The neural nets exist and in addition to that an image is convoluted, converted in pixel level and studied, converted and a max pooling, this entire thing is known as convolution + pooling layers. A fully connected layer of flattened structure of NumPy array and a hidden layer is then classified into various classes as binary or based on no.of outcomes. In the first layer, we try to understand what each image pixel tries to account for using various filters and then we flatten them and pass it to a neural network, then it goes to a classifier. Want to become a master in Artificial Intelligence check out this Artificial Intelligence Training.

The visual context will go through each and every part of the image and try to understand what is present in each area of the image. The output should be in the form of the class. 
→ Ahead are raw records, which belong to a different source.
(* Assume $(\phi1)$, $(\phi3)$ and $(\phi4)$. Then: (i) $J_1(s,b):=\phi(\frac{s^2+b^2}{2})b^2$ is increasing and convex in $b$ on $[0,\infty)$ for every fixed $s\in\mathbb{R}$; (ii) $J_2(s,b):=\Phi(\frac{s^2+b^2}{2})-\frac1N\phi(\frac{s^2+b^2}{2})b^2$ is increasing and convex in $b$ on $[0,\infty)$ for every fixed $s\in\mathbb{R}$.
   Context: $N\ge3$. $\phi:[0,\infty)\to\mathbb{R}$, $\Phi(s)=\int_0^s\phi$. $(\phi1)$: $\phi$ continuous, $0<\phi_0\le\phi\le\phi_1$ for constants $\phi_0<\phi_1$. $(\phi3)$: $\phi\in C^1([0,\infty))$, $s|\phi'(s)|\le C$ and $\phi_0\le\phi(s)+2s\phi'(s)$ for all $s\ge0$. $(\phi4)$: $\phi\in C^2([0,\infty))$, $s^2|\phi''(s)|\le C$, and for all $s\ge0$: $3\phi'(s)+2s|\phi''(s)|\le0$ and $0\le\phi(s)+5s\phi'(s)-2s^2|\phi''(s)|$. *)

theory Defs
  imports "HOL-Analysis.Analysis"
begin

definition Phi :: "(real \<Rightarrow> real) \<Rightarrow> real \<Rightarrow> real" where
  "Phi phi s = integral {0..s} phi"

definition cond_phi1 :: "(real \<Rightarrow> real) \<Rightarrow> real \<Rightarrow> real \<Rightarrow> bool" where
  "cond_phi1 phi p0 p1 \<longleftrightarrow> continuous_on {0..} phi \<and> 0 < p0 \<and> p0 < p1 \<and>
     (\<forall>s\<ge>0. p0 \<le> phi s \<and> phi s \<le> p1)"

definition cond_phi3 :: "(real \<Rightarrow> real) \<Rightarrow> (real \<Rightarrow> real) \<Rightarrow> real \<Rightarrow> bool" where
  "cond_phi3 phi dphi p0 \<longleftrightarrow>
     (\<forall>s\<ge>0. (phi has_real_derivative dphi s) (at s within {0..})) \<and>
     continuous_on {0..} dphi \<and>
     (\<exists>C. \<forall>s\<ge>0. s * \<bar>dphi s\<bar> \<le> C) \<and>
     (\<forall>s\<ge>0. p0 \<le> phi s + 2 * s * dphi s)"

definition cond_phi4 :: "(real \<Rightarrow> real) \<Rightarrow> (real \<Rightarrow> real) \<Rightarrow> (real \<Rightarrow> real) \<Rightarrow> bool" where
  "cond_phi4 phi dphi ddphi \<longleftrightarrow>
     (\<forall>s\<ge>0. (dphi has_real_derivative ddphi s) (at s within {0..})) \<and>
     continuous_on {0..} ddphi \<and>
     (\<exists>C. \<forall>s\<ge>0. s^2 * \<bar>ddphi s\<bar> \<le> C) \<and>
     (\<forall>s\<ge>0. 3 * dphi s + 2 * s * \<bar>ddphi s\<bar> \<le> 0) \<and>
     (\<forall>s\<ge>0. 0 \<le> phi s + 5 * s * dphi s - 2 * s^2 * \<bar>ddphi s\<bar>)"

definition J1 :: "(real \<Rightarrow> real) \<Rightarrow> real \<Rightarrow> real \<Rightarrow> real" where
  "J1 phi s b = phi ((s^2 + b^2) / 2) * b^2"

definition J2 :: "nat \<Rightarrow> (real \<Rightarrow> real) \<Rightarrow> real \<Rightarrow> real \<Rightarrow> real" where
  "J2 N phi s b = Phi phi ((s^2 + b^2) / 2) - (1 / real N) * phi ((s^2 + b^2) / 2) * b^2"

end

theory Submission
  imports Defs
begin

text \<open>Write \<open>t = (s\<^sup>2 + b\<^sup>2)/2\<close> and \<open>u = b\<^sup>2\<close>, so that \<open>0 \<le> u \<le> 2 t\<close>. The first two
  \<open>b\<close>-derivatives of \<open>J\<^sub>1\<close> are \<open>b (2\<phi> + u\<phi>')\<close> and \<open>2\<phi> + 5u\<phi>' + u\<^sup>2\<phi>''\<close>, those of \<open>J\<^sub>2\<close> are
  \<open>b ((1 - 2/N)\<phi> - u\<phi>'/N)\<close> and \<open>(1 - 2/N)(\<phi> + u\<phi>') + (-3u\<phi>' - u\<^sup>2\<phi>'')/N\<close>, all evaluated at \<open>t\<close>.
  Condition (\<phi>4) forces \<open>\<phi>' \<le> 0\<close> and bounds \<open>u\<^sup>2|\<phi>''|\<close> by \<open>2ut|\<phi>''|\<close>, which is at most both
  \<open>-3u\<phi>'\<close> and \<open>4t\<^sup>2|\<phi>''|\<close>; together with \<open>u\<phi>' \<ge> 2t\<phi>'\<close> this makes all four expressions
  nonnegative for \<open>b \<ge> 0\<close>, and nonnegative first and second derivatives give monotonicity and
  convexity.\<close>

lemma mono_convex_on_atLeast_if_derivatives_nonneg:
  fixes f f' f'' :: "real \<Rightarrow> real"
  assumes f': "\<And>x. a \<le> x \<Longrightarrow> (f has_real_derivative f' x) (at x)"
    and f'': "\<And>x. a \<le> x \<Longrightarrow> (f' has_real_derivative f'' x) (at x)"
    and f'_nonneg: "\<And>x. a \<le> x \<Longrightarrow> 0 \<le> f' x"
    and f''_nonneg: "\<And>x. a \<le> x \<Longrightarrow> 0 \<le> f'' x"
  shows "mono_on {a..} f \<and> convex_on {a..} f"
proof
  have nondecreasing: "g x \<le> g y"
    if "\<And>z. a \<le> z \<Longrightarrow> (g has_real_derivative g' z) (at z)" "\<And>z. a \<le> z \<Longrightarrow> 0 \<le> g' z"
      "a \<le> x" "x \<le> y" for g g' :: "real \<Rightarrow> real" and x y
  proof (rule DERIV_nonneg_imp_nondecreasing[OF \<open>x \<le> y\<close>])
    fix z assume "x \<le> z"
    with \<open>a \<le> x\<close> show "\<exists>w. (g has_real_derivative w) (at z) \<and> 0 \<le> w"
      using that(1,2) by (meson order_trans)
  qed
  show "mono_on {a..} f"
    by (rule mono_onI) (use nondecreasing[OF f' f'_nonneg] in auto)
  show "convex_on {a..} f"
    by (rule convex_on_realI[where f'=f']) (use f' nondecreasing[OF f'' f''_nonneg] in auto)
qed

definition half_sq_norm :: "real \<Rightarrow> real \<Rightarrow> real" where
  "half_sq_norm s b = (s\<^sup>2 + b\<^sup>2) / 2"

lemma half_sq_norm_nonneg: "0 \<le> half_sq_norm s b"
  by (simp add: half_sq_norm_def)

lemma sq_le_twice_half_sq_norm: "b\<^sup>2 \<le> 2 * half_sq_norm s b"
  by (simp add: half_sq_norm_def)

lemma has_real_derivative_comp_half_sq_norm:
  assumes "\<And>t. 0 \<le> t \<Longrightarrow> (h has_real_derivative h' t) (at t within {0..})"
  shows "((\<lambda>b. h (half_sq_norm s b)) has_real_derivative h' (half_sq_norm s b) * b) (at b)"
proof -
  have inner: "(half_sq_norm s has_real_derivative b) (at b)"
    unfolding half_sq_norm_def[abs_def] by (auto intro!: derivative_eq_intros)
  have "(h has_real_derivative h' (half_sq_norm s b)) (at (half_sq_norm s b) within {0..})"
    using assms half_sq_norm_nonneg by blast
  then have "(h has_real_derivative h' (half_sq_norm s b))
      (at (half_sq_norm s b) within range (half_sq_norm s))"
    by (rule has_field_derivative_subset) (auto simp: half_sq_norm_nonneg)
  from DERIV_image_chain[OF this inner] show ?thesis
    by (simp add: o_def)
qed

lemma Phi_has_real_derivative:
  assumes "continuous_on {0..} phi" "0 \<le> t"
  shows "(Phi phi has_real_derivative phi t) (at t within {0..})"
proof -
  have "continuous_on {0..t+1} phi"
    using assms(1) by (rule continuous_on_subset) auto
  with assms(2) have "((\<lambda>x. integral {0..x} phi) has_real_derivative phi t) (at t within {0..t+1})"
    by (simp add: integral_has_real_derivative)
  moreover have "at t within {0..t+1} = at t within {0..}"
    by (rule at_within_nhd[where S="{..<t+1}"]) auto
  ultimately show ?thesis
    unfolding Phi_def[abs_def] by simp
qed

text \<open>Condition (\<phi>4) at a point \<open>t\<close>, with \<open>a, d, e\<close> standing for \<open>\<phi>(t), \<phi>'(t), \<phi>''(t)\<close>.\<close>

lemma phi4_pointwise_consequences:
  fixes a d e t u :: real
  assumes a: "0 \<le> a"
    and phi4_1: "3 * d + 2 * t * \<bar>e\<bar> \<le> 0"
    and phi4_2: "0 \<le> a + 5 * t * d - 2 * t\<^sup>2 * \<bar>e\<bar>"
    and u: "0 \<le> u" "u \<le> 2 * t"
  shows "d \<le> 0" and "0 \<le> a + u * d" and "0 \<le> 2 * a + 5 * u * d + u\<^sup>2 * e"
    and "0 \<le> - 3 * u * d - u\<^sup>2 * e"
proof -
  have t: "0 \<le> t" using u by linarith
  have "0 \<le> 2 * t * \<bar>e\<bar>" using t by simp
  with phi4_1 show d: "d \<le> 0" by linarith
  have ud: "2 * t * d \<le> u * d"
    using u d by (simp add: mult_right_mono_neg)
  have sq_e: "u\<^sup>2 * \<bar>e\<bar> \<le> u * (2 * t * \<bar>e\<bar>)"
  proof -
    have "u * \<bar>e\<bar> \<le> 2 * t * \<bar>e\<bar>" using u by (simp add: mult_right_mono)
    then show ?thesis using u by (simp add: power2_eq_square mult_left_mono mult.assoc)
  qed
  have by_phi4_1: "u * (2 * t * \<bar>e\<bar>) \<le> - 3 * u * d"
    using mult_left_mono[OF phi4_1 \<open>0 \<le> u\<close>] by (simp add: algebra_simps)
  have by_u: "u * (2 * t * \<bar>e\<bar>) \<le> 4 * t\<^sup>2 * \<bar>e\<bar>"
    using mult_right_mono[OF \<open>u \<le> 2 * t\<close>, of "2 * t * \<bar>e\<bar>"] t
    by (simp add: power2_eq_square algebra_simps)
  have "\<bar>u\<^sup>2 * e\<bar> = u\<^sup>2 * \<bar>e\<bar>" by (simp add: abs_mult)
  then have e: "- (u\<^sup>2 * \<bar>e\<bar>) \<le> u\<^sup>2 * e" "u\<^sup>2 * e \<le> u\<^sup>2 * \<bar>e\<bar>" by linarith+
  have "0 \<le> t\<^sup>2 * \<bar>e\<bar>" "t * d \<le> 0" using t d by (simp_all add: mult_nonneg_nonpos)
  then show "0 \<le> a + u * d" using phi4_2 ud by linarith
  show "0 \<le> 2 * a + 5 * u * d + u\<^sup>2 * e" using phi4_2 ud sq_e by_u e by linarith
  show "0 \<le> - 3 * u * d - u\<^sup>2 * e" using sq_e by_phi4_1 e by linarith
qed

lemma J1_eq: "J1 phi s b = phi (half_sq_norm s b) * b\<^sup>2"
  by (simp add: J1_def half_sq_norm_def)

lemma J2_eq: "J2 N phi s b = Phi phi (half_sq_norm s b) - J1 phi s b / real N"
  by (simp add: J2_def J1_def half_sq_norm_def)

context
  fixes phi dphi ddphi :: "real \<Rightarrow> real" and s :: real
  assumes dphi: "\<And>t. 0 \<le> t \<Longrightarrow> (phi has_real_derivative dphi t) (at t within {0..})"
    and ddphi: "\<And>t. 0 \<le> t \<Longrightarrow> (dphi has_real_derivative ddphi t) (at t within {0..})"
begin

private abbreviation "t b \<equiv> half_sq_norm s b"

lemma phi_comp_has_real_derivative:
  "((\<lambda>b. phi (t b)) has_real_derivative dphi (t b) * b) (at b)"
  by (rule has_real_derivative_comp_half_sq_norm[OF dphi])

lemma dphi_comp_has_real_derivative:
  "((\<lambda>b. dphi (t b)) has_real_derivative ddphi (t b) * b) (at b)"
  by (rule has_real_derivative_comp_half_sq_norm[OF ddphi])

lemma J1_has_real_derivative:
  "(J1 phi s has_real_derivative b * (2 * phi (t b) + b\<^sup>2 * dphi (t b))) (at b)"
  unfolding J1_eq[abs_def]
  by (rule DERIV_cong[OF DERIV_mult'[OF phi_comp_has_real_derivative DERIV_pow]])
    (simp add: algebra_simps power2_eq_square)

lemma J1_second_derivative:
  "((\<lambda>b. b * (2 * phi (t b) + b\<^sup>2 * dphi (t b))) has_real_derivative
      2 * phi (t b) + 5 * b\<^sup>2 * dphi (t b) + (b\<^sup>2)\<^sup>2 * ddphi (t b)) (at b)"
  by (rule DERIV_cong[OF DERIV_mult'[OF DERIV_ident DERIV_add[OF
        DERIV_cmult[OF phi_comp_has_real_derivative]
        DERIV_mult'[OF DERIV_pow dphi_comp_has_real_derivative]]]])
    (simp add: algebra_simps power2_eq_square)

context
  assumes phi_nonneg: "\<And>x. 0 \<le> x \<Longrightarrow> 0 \<le> phi x"
    and phi4_1: "\<And>x. 0 \<le> x \<Longrightarrow> 3 * dphi x + 2 * x * \<bar>ddphi x\<bar> \<le> 0"
    and phi4_2: "\<And>x. 0 \<le> x \<Longrightarrow> 0 \<le> phi x + 5 * x * dphi x - 2 * x\<^sup>2 * \<bar>ddphi x\<bar>"
begin

lemma phi4_along_half_sq_norm:
  shows "0 \<le> phi (t b)" and "dphi (t b) \<le> 0" and "0 \<le> phi (t b) + b\<^sup>2 * dphi (t b)"
    and "0 \<le> 2 * phi (t b) + 5 * b\<^sup>2 * dphi (t b) + (b\<^sup>2)\<^sup>2 * ddphi (t b)"
    and "0 \<le> - 3 * b\<^sup>2 * dphi (t b) - (b\<^sup>2)\<^sup>2 * ddphi (t b)"
  using phi4_pointwise_consequences[OF phi_nonneg phi4_1 phi4_2, of "t b" "b\<^sup>2"]
  by (simp_all add: phi_nonneg half_sq_norm_nonneg sq_le_twice_half_sq_norm)

lemma J1_mono_convex: "mono_on {0..} (J1 phi s) \<and> convex_on {0..} (J1 phi s)"
proof (rule mono_convex_on_atLeast_if_derivatives_nonneg
    [OF J1_has_real_derivative J1_second_derivative])
  fix b :: real assume "0 \<le> b"
  have "0 \<le> phi (t b) + (phi (t b) + b\<^sup>2 * dphi (t b))"
    using phi4_along_half_sq_norm(1,3)[of b] by linarith
  with \<open>0 \<le> b\<close> show "0 \<le> b * (2 * phi (t b) + b\<^sup>2 * dphi (t b))"
    by simp
qed (rule phi4_along_half_sq_norm(4))

lemma J2_mono_convex:
  assumes "continuous_on {0..} phi" and "2 \<le> N"
  shows "mono_on {0..} (J2 N phi s) \<and> convex_on {0..} (J2 N phi s)"
proof -
  have N: "0 < real N" "0 \<le> 1 - 2 / real N"
    using assms(2) by (simp_all add: field_simps)
  have Phi_comp: "((\<lambda>b. Phi phi (t b)) has_real_derivative phi (t b) * b) (at b)" for b
    using has_real_derivative_comp_half_sq_norm Phi_has_real_derivative[OF assms(1)] by blast
  show ?thesis
  proof (rule mono_convex_on_atLeast_if_derivatives_nonneg)
    show "(J2 N phi s has_real_derivative
        phi (t b) * b - b * (2 * phi (t b) + b\<^sup>2 * dphi (t b)) / real N) (at b)" for b
      unfolding J2_eq[abs_def]
      by (intro DERIV_diff DERIV_cdivide Phi_comp J1_has_real_derivative)
    show "((\<lambda>b. phi (t b) * b - b * (2 * phi (t b) + b\<^sup>2 * dphi (t b)) / real N)
        has_real_derivative (1 - 2 / real N) * (phi (t b) + b\<^sup>2 * dphi (t b)) +
          (- 3 * b\<^sup>2 * dphi (t b) - (b\<^sup>2)\<^sup>2 * ddphi (t b)) / real N) (at b)" for b
      by (rule DERIV_cong[OF DERIV_diff[OF
            DERIV_mult'[OF phi_comp_has_real_derivative DERIV_ident]
            DERIV_cdivide[OF J1_second_derivative]]])
        (use N in \<open>simp add: field_simps power2_eq_square\<close>)
    fix b :: real assume "0 \<le> b"
    have "0 \<le> (1 - 2 / real N) * phi (t b) - b\<^sup>2 * dphi (t b) / real N"
    proof -
      have "0 \<le> (1 - 2 / real N) * phi (t b)"
        using N phi4_along_half_sq_norm(1) by simp
      moreover have "b\<^sup>2 * dphi (t b) / real N \<le> 0"
        using N phi4_along_half_sq_norm(2)[of b] by (simp add: mult_nonneg_nonpos divide_nonpos_pos)
      ultimately show ?thesis by linarith
    qed
    moreover have "phi (t b) * b - b * (2 * phi (t b) + b\<^sup>2 * dphi (t b)) / real N
        = b * ((1 - 2 / real N) * phi (t b) - b\<^sup>2 * dphi (t b) / real N)"
      using N by (simp add: field_simps)
    ultimately show "0 \<le> phi (t b) * b - b * (2 * phi (t b) + b\<^sup>2 * dphi (t b)) / real N"
      using \<open>0 \<le> b\<close> by simp
    show "0 \<le> (1 - 2 / real N) * (phi (t b) + b\<^sup>2 * dphi (t b)) +
        (- 3 * b\<^sup>2 * dphi (t b) - (b\<^sup>2)\<^sup>2 * ddphi (t b)) / real N"
      using N phi4_along_half_sq_norm(3,5) by simp
  qed
qed

end

end

theorem lemma6p1:
  fixes N :: nat and phi dphi ddphi :: "real \<Rightarrow> real" and p0 p1 :: real
  assumes "N \<ge> 3"
    and "cond_phi1 phi p0 p1"
    and "cond_phi3 phi dphi p0"
    and "cond_phi4 phi dphi ddphi"
  shows "(\<forall>s::real. mono_on {0..} (J1 phi s) \<and> convex_on {0..} (J1 phi s)) \<and>
         (\<forall>s::real. mono_on {0..} (J2 N phi s) \<and> convex_on {0..} (J2 N phi s))"
proof -
  from assms(2) have cont: "continuous_on {0..} phi" and nonneg: "\<And>x. 0 \<le> x \<Longrightarrow> 0 \<le> phi x"
    unfolding cond_phi1_def by (auto intro: order_trans[OF less_imp_le])
  from assms(3) have dphi: "\<And>x. 0 \<le> x \<Longrightarrow> (phi has_real_derivative dphi x) (at x within {0..})"
    unfolding cond_phi3_def by auto
  from assms(4) have ddphi: "\<And>x. 0 \<le> x \<Longrightarrow> (dphi has_real_derivative ddphi x) (at x within {0..})"
    and phi4_1: "\<And>x. 0 \<le> x \<Longrightarrow> 3 * dphi x + 2 * x * \<bar>ddphi x\<bar> \<le> 0"
    and phi4_2: "\<And>x. 0 \<le> x \<Longrightarrow> 0 \<le> phi x + 5 * x * dphi x - 2 * x\<^sup>2 * \<bar>ddphi x\<bar>"
    unfolding cond_phi4_def by auto
  have "N \<ge> 2" using assms(1) by simp
  with J1_mono_convex[OF dphi ddphi nonneg phi4_1 phi4_2] J2_mono_convex[OF dphi ddphi nonneg phi4_1 phi4_2 cont]
  show ?thesis by blast
qed

end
Convolutional Neural Network Architecture:

Convolution layer: Here we try to decompose RGB to a multidimensional layer, and apply a filter to each layer. A filter tries to learn all the combinations present in the RGB layer. A strider is used to stride to each matrix in the image. We try to understand this image using a convolution strider.

CNN – Arch :
Given an input image, it goes to convolution+Relu, each area has a 3D, RGB, then it goes to the next pooling layer where it shrinks the max value and this cycle keeps repeating. This is the learning process. We try to classify the values and then we have to apply neural nets and try to figure out what the actual image is. Given that it is a car, softmax gives a value of 0 to 1, the probability of the maximum is identified as the car.
Important aspects of CNN:
The important aspects of CNN are filters, receptive field, stride, padding, pooling, and ReLU layers.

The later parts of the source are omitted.